**Problem to solve**: In the listing below, find each line containing "lemma" and report it.

* * *

lemma sphere_proj_1:
  "sphere_proj x 1 *v v = (1/2) *\<^sub>R ((v - pair_proj x *v v)
      + (sign_diag x *v v - pair_proj x *v (sign_diag x *v v)))"
  unfolding vec_eq_iff by (rule allI, rule dist_cases[of x])
    (auto simp: sphere_proj_mult_nth pair_proj_mult_nth sign_diag_mult_nth dist_antipode)

lemma sphere_proj_2:
  "sphere_proj x 2 *v v = (1/2) *\<^sub>R ((v - pair_proj x *v v)
      - (sign_diag x *v v - pair_proj x *v (sign_diag x *v v)))"
  unfolding vec_eq_iff by (rule allI, rule dist_cases[of x])
    (auto simp: sphere_proj_mult_nth pair_proj_mult_nth sign_diag_mult_nth dist_antipode)

lemma sphere_proj_3:
  "sphere_proj x 3 *v v = (1/2) *\<^sub>R (pair_proj x *v v - pair_proj x *v (sign_diag x *v v))"
  unfolding vec_eq_iff by (rule allI, rule dist_cases[of x])
    (auto simp: sphere_proj_mult_nth pair_proj_mult_nth sign_diag_mult_nth dist_antipode)

lemma odd_proj_antipodal: "odd_proj *v (antipodal *v u) = - (odd_proj *v u)"
  and antipodal_odd_proj: "antipodal *v (odd_proj *v u) = - (odd_proj *v u)"
  and odd_proj_idem: "odd_proj *v (odd_proj *v u) = odd_proj *v u"
  by (simp_all add: vec_eq_iff odd_proj_mult field_simps)

lemma odd_proj_odd: "antipodal *v u = - u \<Longrightarrow> odd_proj *v u = u"
  and odd_proj_even: "antipodal *v u = u \<Longrightarrow> odd_proj *v u = 0"
  by (simp_all add: odd_proj_mult)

* * *

**Expected output**:
lemma sphere_proj_1:
lemma sphere_proj_2:
lemma sphere_proj_3:
lemma odd_proj_antipodal: "odd_proj *v (antipodal *v u) = - (odd_proj *v u)"
lemma odd_proj_odd: "antipodal *v u = - u \<Longrightarrow> odd_proj *v u = u"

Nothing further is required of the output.